Don’t look now, but retired landscape architect Jon Mueller’s at it again, writing another local history of significance. In 2017, he published “Private Park, Public Park,” a history of City Park that’s tied to our town’s beginnings. Now, he’s expanding Chapter 7 of that book to describe how F.A. Blackwell, J.P. Graves, and the who’s who of that day developed a rail park system, connecting parks in Spokane and Kootenai County to promote tourism. Stay tuned.

Huckleberries

• Poet’s Corner: Coeur d’Alene Ironman may be pushed back from June 28 to Sept. 6 this year, and it’s the 70.3 version, but The Bard of Sherman Avenue has framed it in rhyme any way: “It takes a mighty ride/to complete the Ironman, /required are thighs of steel /and of course an iron can” — The Bard of Sherman Avenue (“112 Miles on Bike.”)

• Forty-five years ago, this coming Sunday, Mrs. O and I swapped “I do’s.” And she joined me in an adventure linked together by seven newsrooms in three states. I got the better of the deal. To paraphrase Jack Nicholson’s character in “As Good As It Gets,” she still makes me want to be a better man.

• Has it really been eight years, minus one day, since Mary Souza & Co. failed to collect enough signatures to force recall elections for Mayor Sandi Bloem and council members: Deanna Goodlander, Mike Kennedy, and Woody McEvers?

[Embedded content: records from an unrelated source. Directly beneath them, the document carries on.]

lemma set_borel_measurable_derivative:
  fixes v v' :: "real \<Rightarrow> real"
  assumes v: "\<forall>t\<in>{a<..<b}. (v has_real_derivative v' t) (at t)"
  shows "set_borel_measurable borel {a<..<b} v'"
proof -
  define V where "V = (\<lambda>x. indicator {a<..<b} x * v x)"
  have [measurable]: "V \<in> borel_measurable borel"
  proof -
    have "continuous_on {a<..<b} v"
      using v by (intro has_real_derivative_imp_continuous_on) auto
    then show ?thesis
      using borel_measurable_continuous_on_indicator[of "{a<..<b}" v] by (simp add: V_def)
  qed
  define h :: "nat \<Rightarrow> real" where "h n = 1 / Suc n" for n
  have h_pos: "0 < h n" for n
    by (simp add: h_def)
  have h: "h \<longlonglongrightarrow> 0"
    unfolding h_def using LIMSEQ_inverse_real_of_nat by (simp add: inverse_eq_divide)
  then have h_at: "filterlim h (at 0) sequentially"
    using h_pos by (intro filterlim_atI) (auto simp: order_less_imp_not_eq2)
  show ?thesis
    unfolding set_borel_measurable_def
  proof (rule borel_measurable_LIMSEQ_real)
    fix x :: real
    show "(\<lambda>n. indicator {a<..<b} x * ((V (x + h n) - V x) / h n)) \<longlonglongrightarrow> indicator {a<..<b} x *\<^sub>R v' x"
    proof (cases "x \<in> {a<..<b}")
      case True
      have "((\<lambda>d. (v (x + d) - v x) / d) \<longlongrightarrow> v' x) (at 0)"
        using v True by (simp add: DERIV_def)
      then have "(\<lambda>n. (v (x + h n) - v x) / h n) \<longlonglongrightarrow> v' x"
        using h_at by (rule filterlim_compose)
      moreover have "\<forall>\<^sub>F n in sequentially. h n < b - x"
        using h True unfolding order_tendsto_iff by auto
      then have "\<forall>\<^sub>F n in sequentially. (v (x + h n) - v x) / h n = indicator {a<..<b} x * ((V (x + h n) - V x) / h n)"
      proof eventually_elim
        case (elim n)
        then have "x + h n \<in> {a<..<b}"
          using True h_pos[of n] by simp
        then show ?case
          using True by (simp add: V_def)
      qed
      ultimately show ?thesis
        using True by (auto intro: Lim_transform_eventually)
    qed simp
  qed measurable
qed

lemma powr_diff_powr_ge:
  fixes p t z :: real
  assumes "1 \<le> p" "0 < z" "z \<le> t"
  shows "t powr (p - 1) * (t - z) \<le> t powr p - z powr p"
proof -
  have "z * z powr (p - 1) \<le> z * t powr (p - 1)"
    using assms by (intro mult_left_mono powr_mono2) auto
  moreover have "t powr p = t * t powr (p - 1)" "z powr p = z * z powr (p - 1)"
    using assms by (simp_all add: powr_mult_base)
  ultimately show ?thesis
    by (simp add: algebra_simps)
qed

lemma P_kernel_le:
  assumes "0 < \<gamma>" "\<gamma> \<le> 1" "0 \<le> \<delta>" "\<delta> < 1" "0 < z" "z < t"
  shows "P_kernel \<gamma> \<delta> t z \<le> t powr (-(1/\<gamma> - 1) * \<delta>) * (t - z) powr (-\<delta>) / Gamma (1 - \<delta>)"
proof -
  have "(t powr (1/\<gamma>) - z powr (1/\<gamma>)) powr (-\<delta>) \<le> (t powr (1/\<gamma> - 1) * (t - z)) powr (-\<delta>)"
    using assms by (intro powr_mono2' powr_diff_powr_ge) auto
  also have "\<dots> = t powr (-(1/\<gamma> - 1) * \<delta>) * (t - z) powr (-\<delta>)"
    using assms by (simp add: powr_mult powr_powr) (simp add: algebra_simps)
  finally show ?thesis
    using assms unfolding P_kernel_def by (intro divide_right_mono Gamma_real_pos) auto
qed

lemma P_kernel_nonneg: "0 \<le> \<delta> \<Longrightarrow> \<delta> < 1 \<Longrightarrow> 0 \<le> P_kernel \<gamma> \<delta> t z"
  unfolding P_kernel_def by (simp add: Gamma_real_pos less_imp_le)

And what did the four do wrong? They banded together on a series of 4-3 votes to push through the McEuen Park overhaul without an advisory vote. And this community is better off for their courage.

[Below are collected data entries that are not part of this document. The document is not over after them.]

lemma card_UN_reaching_pairs:
  assumes U: "\<forall>x\<in>S. universal_vertex V E x" and T: "T \<subseteq> S" "finite T" and u: "u \<in> S"
    and Y: "Y \<subseteq> V" "\<And>x x' z. x \<in> S \<Longrightarrow> x' \<in> S \<Longrightarrow> transpose x x' z \<in> Y \<longleftrightarrow> z \<in> Y"
  shows "card (\<Union>x\<in>T. reaching_pairs S Y x) = card T * card (reaching_pairs S Y u)"
proof -
  have "finite (reaching_pairs S Y x)" for x
    by (rule finite_subset[of _ "rooted_forests V E S \<times> V"])
      (use Y(1) finite_rooted_forests finite_V in \<open>auto simp: reaching_pairs_def\<close>)
  moreover have "reaching_pairs S Y x \<inter> reaching_pairs S Y x' = {}"
    if "x \<in> T" "x' \<in> T" "x \<noteq> x'" for x x'
    using that T(1) rooted_forest_root_unique[of _ V E S] unfolding reaching_pairs_def by blast
  ultimately have "card (\<Union>x\<in>T. reaching_pairs S Y x) = (\<Sum>x\<in>T. card (reaching_pairs S Y x))"
    by (intro card_UN_disjoint T(2)) auto
  also have "\<dots> = (\<Sum>x\<in>T. card (reaching_pairs S Y u))"
    using T(1) U u Y(2) by (intro sum.cong refl card_reaching_pairs_transpose) auto
  finally show ?thesis
    by simp
qed

lemma rooted_forests_times_eq_UN:
  "Y \<subseteq> V \<Longrightarrow> rooted_forests V E S \<times> Y = (\<Union>x\<in>S. reaching_pairs S Y x)"
  unfolding reaching_pairs_def using rooted_forestsD(3)[of _ V E S] by fastforce

lemma card_rooted_forests_times:
  assumes U: "\<forall>x\<in>S. universal_vertex V E x" "finite S" and u: "u \<in> S"
    and Y: "Y \<subseteq> V" "\<And>x x' z. x \<in> S \<Longrightarrow> x' \<in> S \<Longrightarrow> transpose x x' z \<in> Y \<longleftrightarrow> z \<in> Y"
  shows "card (rooted_forests V E S) * card Y = card S * card (reaching_pairs S Y u)"
proof -
  have "card (rooted_forests V E S) * card Y = card (\<Union>x\<in>S. reaching_pairs S Y x)"
    by (simp add: card_cartesian_product flip: rooted_forests_times_eq_UN[OF Y(1)])
  also have "\<dots> = card S * card (reaching_pairs S Y u)"
    by (rule card_UN_reaching_pairs[OF U(1) subset_refl U(2) u Y])
  finally show ?thesis .
qed

lemma cut_pairs_eq_UN:
  assumes u: "u \<notin> R"
  shows "{(q, y). q \<in> rooted_forests V E (insert u R) \<and> y \<in> V \<and> \<not> reaches q y u}
    = (\<Union>x\<in>R. reaching_pairs (insert u R) V x)"
  unfolding reaching_pairs_def
proof safe
  fix q y
  assume q: "q \<in> rooted_forests V E (insert u R)" and y: "y \<in> V" and nr: "\<not> reaches q y u"
  then obtain x where "x \<in> insert u R" "reaches q y x"
    using rooted_forestsD(3)[OF q y] by blast
  with q y nr
  show "(q, y) \<in> (\<Union>x\<in>R. {(q, y). q \<in> rooted_forests V E (insert u R) \<and> y \<in> V \<and> reaches q y x})"
    by auto
next
  fix q y x
  assume "x \<in> R" "q \<in> rooted_forests V E (insert u R)" "reaches q y x" "reaches q y u"
  then show False
    using rooted_forest_root_unique[of q V E "insert u R" x u y] u by auto
qed

lemma card_rooted_forests_insert_universal:
  assumes U: "\<forall>x\<in>insert u R. universal_vertex V E x" and u: "u \<notin> R" and R: "finite R"
  shows "card (insert u R) * card (rooted_forests V E R)
    = card R * card V * card (rooted_forests V E (insert u R))"
proof -
  let ?S = "insert u R"
  let ?M = "card (reaching_pairs ?S V u)"
  have Y: "transpose x x' z \<in> V \<longleftrightarrow> z \<in> V" if "x \<in> ?S" "x' \<in> ?S" for x x' z
    using that U universal_vertex_in[of V E] by (intro transpose_in_iff) auto
  have "card (rooted_forests V E R) = card R * ?M"
    using card_rooted_forests_eq_card_cut[OF u] U cut_pairs_eq_UN[OF u]
      card_UN_reaching_pairs[OF U _ R _ _ Y] by auto
  then have "card ?S * card (rooted_forests V E R) = card R * (card ?S * ?M)"
    by simp
  also have "card ?S * ?M = card (rooted_forests V E ?S) * card V"
    using card_rooted_forests_times[OF U _ insertI1 subset_refl Y] R by simp
  finally show ?thesis
    by (simp only: ac_simps)
qed

lemma card_rooted_forests_union_universal:
  assumes "finite D" "R \<inter> D = {}" "finite R" "\<forall>x\<in>R \<union> D. universal_vertex V E x"
  shows "card (R \<union> D) * card (rooted_forests V E R)
    = card R * card V ^ card D * card (rooted_forests V E (R \<union> D))"
  using assms
proof (induction D arbitrary: R)
  case empty
  then show ?case
    by simp
next
  case (insert d D)
  let ?n = "card V" and ?F = "\<lambda>R. card (rooted_forests V E R)"
  have d: "d \<notin> R" "R \<union> insert d D = insert d R \<union> D"
    using insert.prems(1) by auto
  have IH: "card (R \<union> insert d D) * ?F (insert d R)
      = card (insert d R) * ?n ^ card D * ?F (R \<union> insert d D)"
    using insert.IH[of "insert d R"] insert.prems insert.hyps(2) d by auto
  have step: "card (insert d R) * ?F R = card R * ?n * ?F (insert d R)"
    using card_rooted_forests_insert_universal[OF _ d(1) insert.prems(2)] insert.prems(3) by auto
  have "card (insert d R) * (card (R \<union> insert d D) * ?F R)
      = card (R \<union> insert d D) * (card R * ?n * ?F (insert d R))"
    by (simp only: step flip: step mult.left_commute)
  also have "\<dots> = card R * ?n * (card (R \<union> insert d D) * ?F (insert d R))"
    by (simp only: ac_simps)
  also have "\<dots> = card (insert d R) * (card R * ?n ^ card (insert d D) * ?F (R \<union> insert d D))"
    using IH insert.hyps by (simp add: ac_simps)
  finally show ?case
    using insert.prems(2) by simp
qed

lemma card_universal_dvd_card_rooted_forests:
  assumes U: "\<forall>x\<in>U. universal_vertex V E x" "finite U" "U \<noteq> {}" and w: "w \<in> V" "w \<notin> U"
  shows "card U dvd card (rooted_forests V E U)"
proof -
  obtain u where u: "u \<in> U"
    using U(3) by blast
  have "transpose x x' z \<in> {w} \<longleftrightarrow> z \<in> {w}" if "x \<in> U" "x' \<in> U" for x x' z
    using that w(2) by (auto simp: transpose_def)
  then have "card (rooted_forests V E U) * card {w} = card U * card (reaching_pairs U {w} u)"
    using w(1) by (intro card_rooted_forests_times[OF U(1,2) u]) auto
  then show ?thesis
    by simp
qed

section \<open>Spanning trees as forests with one root\<close>

definition tree_edges :: "'a \<Rightarrow> ('a \<Rightarrow> 'a) \<Rightarrow> 'a set set" where
  "tree_edges r p = (\<lambda>v. {v, p v}) ` (V - {r})"

lemma tree_edges_subset: "p \<in> rooted_forests V E {r} \<Longrightarrow> tree_edges r p \<subseteq> E"
  unfolding tree_edges_def using rooted_forestsD(2)[of _ V E] by blast

lemma tree_edge_parent:
  assumes p: "p \<in> rooted_forests V E {r}" and e: "{z, y} \<in> tree_edges r p"
    and le: "depth r p y \<le> depth r p z"
  shows "y = p z"
proof -
  obtain x where x: "x \<in> V" "x \<noteq> r" "{z, y} = {x, p x}"
    using e unfolding tree_edges_def by blast
  have "z \<noteq> y"
    using e tree_edges_subset[OF p] edge_endpoints by blast
  with x(3) have "z = x \<and> y = p x \<or> z = p x \<and> y = x"
    by (auto simp: doubleton_eq_iff)
  then show ?thesis
    using depth_step[OF p x(1,2)] le by auto
qed
(* Let $T:=12$, $U:=\mathcal{L}^2([0,T];\mathbb{R})\times\mathcal{L}^2([0,T];\mathbb{R})$, $K_2:=\{(u_1,u_2)\in U:|u_1(t)|\le0.8,\ |u_2(t)|\le0.4\ \forall t\in[0,T]\}$, and $\varphi(u):=\int_0^T(u_1^2(t)+u_2^2(t))\,dt$. For $u\in U$, $t\in[0,T]$ let $G_3(u)(t):=\pi/2+0.2\int_0^t\int_0^r(u_1(s)-u_2(s))\,ds\,dr$ and define $h=(h_1,\ldots,h_6):U\to\mathbb{R}^6$ by $h_1(u):=-10+\int_0^T\int_0^r(u_1+u_2)(s)\cos G_3(u)(s)\,ds\,dr$, $h_2(u):=-10+\int_0^T\int_0^r(u_1+u_2)(s)\sin G_3(u)(s)\,ds\,dr$, $h_3(u):=G_3(u)(T)$, $h_4(u):=\int_0^T(u_1+u_2)(s)\cos G_3(u)(s)\,ds$, $h_5(u):=\int_0^T(u_1+u_2)(s)\sin G_3(u)(s)\,ds$, $h_6(u):=0.2\int_0^T(u_1-u_2)(s)\,ds$. Consider the free-flying robot problem $(P3)$: minimize $\varphi(u)$ subject to $u\in K_2$, $h(u)=0$, and the dualizing parameterization $f:U\times\mathbb{R}^6\to\mathbb{R}\cup\{+\infty\}$, $f(u,z):=\varphi(u)+\delta_z(h(u))+\delta_{K_2}(u)$. Then: (H0) $\varphi$ is proper and weakly lower semicontinuous; (H1) every level set of $\varphi$ is weakly compact; (H2) $f$ is proper, weakly lower semicontinuous and weakly level-compact.
   Context: $h(u)=0$ is equivalent to the dynamics $\dot x_1=x_4,\dot x_2=x_5,\dot x_3=x_6,\dot x_4=(u_1+u_2)\cos x_3,\dot x_5=(u_1+u_2)\sin x_3,\dot x_6=0.2(u_1-u_2)$ with $x(0)=(-10,-10,\pi/2,0,0,0)$ and $x(12)=0$. $\delta_C$ is the indicator function of $C$ ($0$ on $C$, $+\infty$ elsewhere), $\delta_z:=\delta_{\{z\}}$. Proper: never $-\infty$ and not identically $+\infty$. Weakly compact: weak closure compact in the weak topology. $f:U\times H\to[-\infty,\infty]$ is weakly level-compact if for each $\bar z\in H$, $\alpha\in\mathbb{R}$ there exist a weakly open neighbourhood $V$ of $\bar z$ and a weakly compact $B\subset U$ with $\{u\in U:f(u,z)\le\alpha\}\subset B$ for all $z\in V$. *)

theory Defs
  imports "HOL-Analysis.Analysis"
begin

text \<open>Elements of U = L2([0,T]) x L2([0,T]) are represented
  by pairs of real functions that are Lebesgue measurable and square integrable on [0,T];
  only their values on [0,T] (up to null sets) matter for everything below.\<close>

definition T_end :: real where "T_end = 12"

definition L2T :: "(real \<Rightarrow> real) set" where
  "L2T = {v. v \<in> borel_measurable (lebesgue_on {0..T_end}) \<and>
              integrable (lebesgue_on {0..T_end}) (\<lambda>t. (v t)\<^sup>2)}"

definition U :: "((real \<Rightarrow> real) \<times> (real \<Rightarrow> real)) set" where
  "U = L2T \<times> L2T"

definition innerU :: "((real \<Rightarrow> real) \<times> (real \<Rightarrow> real)) \<Rightarrow> ((real \<Rightarrow> real) \<times> (real \<Rightarrow> real)) \<Rightarrow> real" where
  "innerU u g = integral\<^sup>L (lebesgue_on {0..T_end}) (\<lambda>t. fst u t * fst g t + snd u t * snd g t)"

• Occasionally, I hear of a bumpersnicker that would look good on my 1999 Toyota 4Runner. Shelly Robins Zollman, of Coeur d’Alene, spotted one on a GMC Sierra pickup in downtown CdA: “I may be getting old but I’ve seen all the best bands.”

• Sign of the Times: The Davis Donuts reader board is worth quoting again this week: “Don’t always follow the masses because sometimes the M is silent.”

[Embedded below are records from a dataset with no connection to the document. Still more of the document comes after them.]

section \<open>Type 1 invariants and Haldane vectors\<close>

text \<open>Under deficiency zero, the type 1 invariants on a terminal component S are exactly the
  vectors supported on S and orthogonal to rho: for a supported on S and v \<in> ker L, the
  proportionality of v to rho on S gives a \<bullet> v = (v c1 / rho c1) (a \<bullet> rho).\<close>
lemma type1_invariants_orthogonal_rho:
  fixes E :: "('m::finite \<times> 'm) set" and rho :: "real^'m"
  assumes kappa_pos: "\<And>i j. (i, j) \<in> E \<Longrightarrow> kappa i j > 0"
    and deficiency0: "dynamic_deficiency C E kappa = 0"
    and terminal: "is_terminal_scc E S"
    and c1: "c1 \<in> S"
    and rho_ker: "rho \<in> matkernel (laplacian E kappa)"
    and rho_c1: "rho $ c1 \<noteq> 0"
  shows "type1_invariants C E kappa S = {a. (\<forall>j. j \<notin> S \<longrightarrow> a $ j = 0) \<and> a \<bullet> rho = 0}"
proof -
  have "(\<forall>v\<in>matkernel (laplacian E kappa). a \<bullet> v = 0) \<longleftrightarrow> a \<bullet> rho = 0"
    if supp: "\<forall>j. j \<notin> S \<longrightarrow> a $ j = 0" for a
  proof
    assume "a \<bullet> rho = 0"
    moreover have "a \<bullet> v = (v $ c1 / rho $ c1) * (a \<bullet> rho)"
      if v: "v \<in> matkernel (laplacian E kappa)" for v
    proof -
      have "a $ j * v $ j = (v $ c1 / rho $ c1) * (a $ j * rho $ j)" for j
        using supp kernel_proportional_on_scc[OF kappa_pos terminal c1 rho_ker rho_c1 v, of j]
        by (cases "j \<in> S") auto
      then show ?thesis by (simp add: inner_vec_def sum_distrib_left)
    qed
    ultimately show "\<forall>v\<in>matkernel (laplacian E kappa). a \<bullet> v = 0" by simp
  qed (use rho_ker in blast)
  then show ?thesis
    by (auto simp: type1_invariants_def rowspan_iff_orthogonal_kernel
        deficiency_zero_kernel[OF deficiency0])
qed

lemma haldane_vec_component:
  "haldane_vec rho c1 i $ j = (if j = i then 1 else 0) - (rho $ i / rho $ c1) * (if j = c1 then 1 else 0)"
  by (simp add: haldane_vec_def axis_def)

lemma haldane_vec_inner: "haldane_vec rho c1 i \<bullet> v = v $ i - (rho $ i / rho $ c1) * v $ c1"
  by (simp add: haldane_vec_def inner_diff_left inner_axis')

lemma haldane_combination_component:
  assumes "j \<in> S - {c1}"
  shows "(\<Sum>i\<in>S - {c1}. u i *\<^sub>R haldane_vec rho c1 i) $ j = u j"
proof -
  have "(\<Sum>i\<in>S - {c1}. u i *\<^sub>R haldane_vec rho c1 i) $ j
      = (\<Sum>i\<in>S - {c1}. u i * (if j = i then 1 else 0))"
    using assms by (simp add: haldane_vec_component)
  also have "\<dots> = (\<Sum>i\<in>S - {c1}. if j = i then u j else 0)" by (rule sum.cong) auto
  also have "\<dots> = u j" using assms by simp
  finally show ?thesis .
qed

lemma haldane_basis:
  fixes rho :: "real^'m::finite"
  assumes c1: "c1 \<in> S" and rho_c1: "rho $ c1 \<noteq> 0"
  defines "H \<equiv> {a. (\<forall>j. j \<notin> S \<longrightarrow> a $ j = 0) \<and> a \<bullet> rho = 0}"
  shows "haldane_vec rho c1 ` (S - {c1}) \<subseteq> H"
    and "inj_on (haldane_vec rho c1) (S - {c1})"
    and "independent (haldane_vec rho c1 ` (S - {c1}))"
    and "span (haldane_vec rho c1 ` (S - {c1})) = H"
proof -
  let ?h = "haldane_vec rho c1"
  show in_H: "?h ` (S - {c1}) \<subseteq> H"
    using c1 rho_c1 by (auto simp: H_def haldane_vec_component haldane_vec_inner)
  show inj: "inj_on ?h (S - {c1})"
  proof
    fix i j assume "i \<in> S - {c1}" "j \<in> S - {c1}" "?h i = ?h j"
    then have "?h i $ i = ?h j $ i" by simp
    then show "i = j" using \<open>i \<in> S - {c1}\<close> by (auto simp: haldane_vec_component split: if_splits)
  qed
  show "independent (?h ` (S - {c1}))"
  proof
    assume "dependent (?h ` (S - {c1}))"
    then obtain u where u: "\<exists>w\<in>?h ` (S - {c1}). u w \<noteq> 0"
      and zero: "(\<Sum>w\<in>?h ` (S - {c1}). u w *\<^sub>R w) = 0"
      using dependent_finite[of "?h ` (S - {c1})"] by auto
    from u obtain j where j: "j \<in> S - {c1}" "u (?h j) \<noteq> 0" by blast
    have "(\<Sum>i\<in>S - {c1}. u (?h i) *\<^sub>R ?h i) = 0" using zero by (simp add: sum.reindex[OF inj])
    then show False
      using haldane_combination_component[OF j(1), where rho=rho and u="\<lambda>i. u (?h i)"] j(2)
      by simp
  qed
  have H_subspace: "subspace H" by (auto simp: subspace_def H_def inner_add_left)
  show "span (?h ` (S - {c1})) = H"
  proof
    show "span (?h ` (S - {c1})) \<subseteq> H" using in_H H_subspace by (rule span_minimal)
    show "H \<subseteq> span (?h ` (S - {c1}))"
    proof
      fix a assume a: "a \<in> H"
      define s where "s = (\<Sum>i\<in>S - {c1}. a $ i *\<^sub>R ?h i)"
      have s_span: "s \<in> span (?h ` (S - {c1}))"
        unfolding s_def by (intro span_sum span_mul span_base) auto
      then have "s \<in> H" using \<open>span (?h ` (S - {c1})) \<subseteq> H\<close> by blast
      define b where "b = a - s"
      have b_H: "b \<in> H" using a \<open>s \<in> H\<close> H_subspace by (simp add: b_def subspace_diff)
      text \<open>b vanishes off c1, so b \<bullet> rho = b c1 * rho c1 forces b = 0.\<close>
      have b_off_c1: "b $ j = 0" if "j \<noteq> c1" for j
      proof (cases "j \<in> S")
        case True
        then show ?thesis
          using that haldane_combination_component[where j=j and rho=rho and u="\<lambda>i. a $ i"]
          by (simp add: b_def s_def)
      next
        case False
        then show ?thesis using a \<open>s \<in> H\<close> by (simp add: b_def H_def)
      qed
      have "b \<bullet> rho = (\<Sum>j\<in>UNIV. if j = c1 then b $ c1 * rho $ c1 else 0)"
        unfolding inner_vec_def by (rule sum.cong) (auto simp: b_off_c1)
      then have "b \<bullet> rho = b $ c1 * rho $ c1" by simp
      then have "b $ c1 = 0" using b_H rho_c1 by (simp add: H_def)
      then have "b = 0" using b_off_c1 by (metis vec_eq_iff zero_index)
      then show "a \<in> span (?h ` (S - {c1}))" using s_span by (simp add: b_def)
    qed
  qed
qed

text \<open>Haldane relations at steady state: under deficiency zero Psi(x) lies in ker L, hence is
  proportional to rho on S.\<close>
lemma steady_state_haldane_relation:
  fixes E :: "('m::finite \<times> 'm) set" and rho :: "real^'m"
  assumes kappa_pos: "\<And>i j. (i, j) \<in> E \<Longrightarrow> kappa i j > 0"
    and deficiency0: "dynamic_deficiency C E kappa = 0"
    and terminal: "is_terminal_scc E S"
    and c1: "c1 \<in> S"
    and rho_ker: "rho \<in> matkernel (laplacian E kappa)"
    and rho_c1: "rho $ c1 \<noteq> 0"
    and steady: "is_steady_state C E kappa x"
    and i: "i \<in> S"
  shows "Psi C x $ i = (rho $ i / rho $ c1) * Psi C x $ c1"
proof -
  have "Psi C x \<in> matkernel (laplacian E kappa)"
    using steady deficiency_zero_kernel[OF deficiency0]
    by (auto simp: is_steady_state_def matkernel_def)
  from kernel_proportional_on_scc[OF kappa_pos terminal c1 rho_ker rho_c1 this i]
  show ?thesis by simp
qed

theorem mainTheorem3:
  fixes C :: "'m::finite \<Rightarrow> 'n::finite \<Rightarrow> nat"
    and E :: "('m \<times> 'm) set"
    and kappa :: "'m \<Rightarrow> 'm \<Rightarrow> real"
    and S :: "'m set" and c1 :: 'm and rho :: "real^'m"
  assumes kappa_pos: "\<And>i j. (i, j) \<in> E \<Longrightarrow> kappa i j > 0"
    and deficiency0: "dynamic_deficiency C E kappa = 0"
    and terminal: "is_terminal_scc E S"
    and c1: "c1 \<in> S"
    and rho_ker: "rho \<in> matkernel (laplacian E kappa)"
    and rho_nz: "rho \<noteq> 0"
    and rho_supp: "\<And>j. j \<notin> S \<Longrightarrow> rho $ j = 0"
  shows "(\<forall>i\<in>S. rho $ i \<noteq> 0)
    \<and> (\<forall>x. (\<forall>s. 0 \<le> x $ s) \<longrightarrow> is_steady_state C E kappa x \<longrightarrow>
          (\<forall>i\<in>S - {c1}. Psi C x $ i = (rho $ i / rho $ c1) * Psi C x $ c1))
    \<and> (\<forall>i\<in>S - {c1}. haldane_vec rho c1 i \<in> type1_invariants C E kappa S)
    \<and> inj_on (haldane_vec rho c1) (S - {c1})
    \<and> independent (haldane_vec rho c1 ` (S - {c1}))
    \<and> span (haldane_vec rho c1 ` (S - {c1})) = type1_invariants C E kappa S
    \<and> dim (type1_invariants C E kappa S) = card S - 1"
proof -
  have rho_S: "\<forall>i\<in>S. rho $ i \<noteq> 0"
    using kernel_vector_nonzero_on_scc[OF kappa_pos terminal rho_ker rho_nz rho_supp] by blast
  then have rho_c1: "rho $ c1 \<noteq> 0" using c1 by blast
  let ?h = "haldane_vec rho c1" and ?T = "type1_invariants C E kappa S"
  have T_eq: "?T = {a. (\<forall>j. j \<notin> S \<longrightarrow> a $ j = 0) \<and> a \<bullet> rho = 0}"
    by (rule type1_invariants_orthogonal_rho[OF kappa_pos deficiency0 terminal c1 rho_ker rho_c1])
  note basis = haldane_basis[OF c1 rho_c1]
  have in_T: "\<forall>i\<in>S - {c1}. ?h i \<in> ?T" using basis(1) T_eq by blast
  have span: "span (?h ` (S - {c1})) = ?T" using basis(4) T_eq by simp
  have "dim ?T = card (?h ` (S - {c1}))"
    using basis(3) span dim_span_eq_card_independent by metis
  also have "\<dots> = card S - 1" using c1 by (simp add: card_image[OF basis(2)])
  finally have dim: "dim ?T = card S - 1" .
  have steady: "\<forall>x. (\<forall>s. 0 \<le> x $ s) \<longrightarrow> is_steady_state C E kappa x \<longrightarrow>
      (\<forall>i\<in>S - {c1}. Psi C x $ i = (rho $ i / rho $ c1) * Psi C x $ c1)"
    using steady_state_haldane_relation[OF kappa_pos deficiency0 terminal c1 rho_ker rho_c1] by blast
  show ?thesis using rho_S steady in_T basis(2,3) span dim by (intro conjI)
qed

end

• Bumpersnicker (on a gray Toyota Tundra at Spokane Street and I-90 Sunday, with an accompanying 2nd Amendment sticker): “Mamas, don’t let your babies grow up to be Democrats.” OK, it’s funnier if you’re a Republican.

Parting Shot

Leave it to the wise guys on my Facebook page to point out the obvious in the title to Robert Singletary’s top-notch pictorial history of our town: “Coeur d’Alene: Beautiful and Progressive.” Sez Bill Will of Olympia, Wash., via Priest River: “Why hasn’t this one been confiscated and burned for having ‘progressive’ in the title? That’s a code word for ‘Commie,’ ya know!” And you thought Progressive was an insurance company.